▸ **To do**: Your answer should be the exact lines of the data below from the one containing "theory Defs" through the one containing "text \<open>\<open>T\<^sub>k\<close> is"; please include nothing else.

※

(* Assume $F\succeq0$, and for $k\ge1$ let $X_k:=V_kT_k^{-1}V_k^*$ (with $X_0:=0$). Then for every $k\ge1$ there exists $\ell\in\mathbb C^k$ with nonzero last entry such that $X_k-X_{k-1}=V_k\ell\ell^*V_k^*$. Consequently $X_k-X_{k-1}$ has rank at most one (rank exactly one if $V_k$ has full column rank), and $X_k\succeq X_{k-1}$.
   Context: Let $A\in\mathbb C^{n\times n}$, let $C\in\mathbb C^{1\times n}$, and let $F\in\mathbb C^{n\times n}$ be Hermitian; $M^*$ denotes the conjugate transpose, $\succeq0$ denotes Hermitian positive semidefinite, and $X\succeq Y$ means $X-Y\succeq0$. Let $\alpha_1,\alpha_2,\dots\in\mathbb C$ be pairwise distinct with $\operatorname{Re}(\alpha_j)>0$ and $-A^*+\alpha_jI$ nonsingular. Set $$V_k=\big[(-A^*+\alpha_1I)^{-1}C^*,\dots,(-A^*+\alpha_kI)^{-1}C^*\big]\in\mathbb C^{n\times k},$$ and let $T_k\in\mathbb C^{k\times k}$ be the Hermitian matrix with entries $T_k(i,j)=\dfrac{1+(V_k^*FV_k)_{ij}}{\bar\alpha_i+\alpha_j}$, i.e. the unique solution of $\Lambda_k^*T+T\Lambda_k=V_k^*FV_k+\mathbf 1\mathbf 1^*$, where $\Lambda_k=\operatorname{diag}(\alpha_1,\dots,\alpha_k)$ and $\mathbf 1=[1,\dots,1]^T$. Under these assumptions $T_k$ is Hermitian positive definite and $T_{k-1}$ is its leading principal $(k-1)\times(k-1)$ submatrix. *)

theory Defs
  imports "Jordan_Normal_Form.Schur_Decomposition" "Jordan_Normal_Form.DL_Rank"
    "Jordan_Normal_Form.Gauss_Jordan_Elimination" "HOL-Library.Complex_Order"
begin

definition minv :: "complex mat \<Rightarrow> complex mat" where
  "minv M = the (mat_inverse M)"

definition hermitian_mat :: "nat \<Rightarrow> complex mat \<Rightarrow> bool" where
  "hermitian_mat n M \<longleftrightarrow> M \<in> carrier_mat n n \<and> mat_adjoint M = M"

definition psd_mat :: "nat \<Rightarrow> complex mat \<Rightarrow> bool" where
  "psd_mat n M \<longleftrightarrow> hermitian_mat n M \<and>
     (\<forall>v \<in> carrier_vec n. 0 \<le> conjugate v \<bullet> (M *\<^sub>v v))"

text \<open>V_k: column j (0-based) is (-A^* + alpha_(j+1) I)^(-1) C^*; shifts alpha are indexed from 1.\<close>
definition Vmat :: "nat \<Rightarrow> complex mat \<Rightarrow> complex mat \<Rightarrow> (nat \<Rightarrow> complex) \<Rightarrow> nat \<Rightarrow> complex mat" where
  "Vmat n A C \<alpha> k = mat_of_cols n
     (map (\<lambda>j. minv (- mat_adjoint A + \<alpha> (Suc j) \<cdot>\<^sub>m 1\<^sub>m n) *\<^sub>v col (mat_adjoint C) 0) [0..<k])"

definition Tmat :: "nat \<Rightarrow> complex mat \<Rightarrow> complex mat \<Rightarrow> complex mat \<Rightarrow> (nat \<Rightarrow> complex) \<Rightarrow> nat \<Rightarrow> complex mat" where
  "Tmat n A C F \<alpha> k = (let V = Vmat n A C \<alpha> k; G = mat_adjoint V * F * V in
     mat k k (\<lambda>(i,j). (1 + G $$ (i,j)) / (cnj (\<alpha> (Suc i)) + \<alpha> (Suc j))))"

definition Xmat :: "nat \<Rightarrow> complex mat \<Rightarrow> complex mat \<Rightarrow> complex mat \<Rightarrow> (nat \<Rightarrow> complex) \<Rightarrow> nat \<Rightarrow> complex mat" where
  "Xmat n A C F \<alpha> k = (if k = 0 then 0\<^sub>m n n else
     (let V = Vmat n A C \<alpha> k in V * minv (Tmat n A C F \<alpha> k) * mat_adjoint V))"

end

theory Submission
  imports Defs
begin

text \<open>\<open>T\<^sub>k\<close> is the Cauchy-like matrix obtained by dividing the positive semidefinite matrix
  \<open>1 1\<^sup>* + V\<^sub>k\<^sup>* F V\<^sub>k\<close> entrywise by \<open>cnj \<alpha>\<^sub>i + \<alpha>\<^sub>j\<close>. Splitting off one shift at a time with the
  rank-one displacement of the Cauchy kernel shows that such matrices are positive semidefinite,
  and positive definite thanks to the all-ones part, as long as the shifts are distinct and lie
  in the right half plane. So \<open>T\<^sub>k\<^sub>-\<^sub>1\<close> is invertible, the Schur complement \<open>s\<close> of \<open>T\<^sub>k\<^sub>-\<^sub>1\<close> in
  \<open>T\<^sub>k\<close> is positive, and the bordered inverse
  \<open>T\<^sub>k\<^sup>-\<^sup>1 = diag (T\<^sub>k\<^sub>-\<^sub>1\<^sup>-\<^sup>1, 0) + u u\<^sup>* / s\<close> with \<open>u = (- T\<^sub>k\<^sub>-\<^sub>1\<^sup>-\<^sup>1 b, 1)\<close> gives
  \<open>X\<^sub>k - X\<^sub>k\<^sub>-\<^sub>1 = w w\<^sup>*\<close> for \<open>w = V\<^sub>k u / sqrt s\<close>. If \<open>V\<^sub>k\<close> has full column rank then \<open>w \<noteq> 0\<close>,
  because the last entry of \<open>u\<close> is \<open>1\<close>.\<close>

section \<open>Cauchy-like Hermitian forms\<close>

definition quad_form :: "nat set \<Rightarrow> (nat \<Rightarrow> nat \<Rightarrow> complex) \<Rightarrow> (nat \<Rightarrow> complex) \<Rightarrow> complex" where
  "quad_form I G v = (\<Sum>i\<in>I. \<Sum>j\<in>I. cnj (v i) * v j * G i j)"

※

▸ **Answer to this problem**:
theory Defs
  imports "Jordan_Normal_Form.Schur_Decomposition" "Jordan_Normal_Form.DL_Rank"
    "Jordan_Normal_Form.Gauss_Jordan_Elimination" "HOL-Library.Complex_Order"
begin

definition minv :: "complex mat \<Rightarrow> complex mat" where
  "minv M = the (mat_inverse M)"

definition hermitian_mat :: "nat \<Rightarrow> complex mat \<Rightarrow> bool" where
  "hermitian_mat n M \<longleftrightarrow> M \<in> carrier_mat n n \<and> mat_adjoint M = M"

definition psd_mat :: "nat \<Rightarrow> complex mat \<Rightarrow> bool" where
  "psd_mat n M \<longleftrightarrow> hermitian_mat n M \<and>
     (\<forall>v \<in> carrier_vec n. 0 \<le> conjugate v \<bullet> (M *\<^sub>v v))"

text \<open>V_k: column j (0-based) is (-A^* + alpha_(j+1) I)^(-1) C^*; shifts alpha are indexed from 1.\<close>
definition Vmat :: "nat \<Rightarrow> complex mat \<Rightarrow> complex mat \<Rightarrow> (nat \<Rightarrow> complex) \<Rightarrow> nat \<Rightarrow> complex mat" where
  "Vmat n A C \<alpha> k = mat_of_cols n
     (map (\<lambda>j. minv (- mat_adjoint A + \<alpha> (Suc j) \<cdot>\<^sub>m 1\<^sub>m n) *\<^sub>v col (mat_adjoint C) 0) [0..<k])"

definition Tmat :: "nat \<Rightarrow> complex mat \<Rightarrow> complex mat \<Rightarrow> complex mat \<Rightarrow> (nat \<Rightarrow> complex) \<Rightarrow> nat \<Rightarrow> complex mat" where
  "Tmat n A C F \<alpha> k = (let V = Vmat n A C \<alpha> k; G = mat_adjoint V * F * V in
     mat k k (\<lambda>(i,j). (1 + G $$ (i,j)) / (cnj (\<alpha> (Suc i)) + \<alpha> (Suc j))))"

definition Xmat :: "nat \<Rightarrow> complex mat \<Rightarrow> complex mat \<Rightarrow> complex mat \<Rightarrow> (nat \<Rightarrow> complex) \<Rightarrow> nat \<Rightarrow> complex mat" where
  "Xmat n A C F \<alpha> k = (if k = 0 then 0\<^sub>m n n else
     (let V = Vmat n A C \<alpha> k in V * minv (Tmat n A C F \<alpha> k) * mat_adjoint V))"

end

theory Submission
  imports Defs
begin

text \<open>\<open>T\<^sub>k\<close> is the Cauchy-like matrix obtained by dividing the positive semidefinite matrix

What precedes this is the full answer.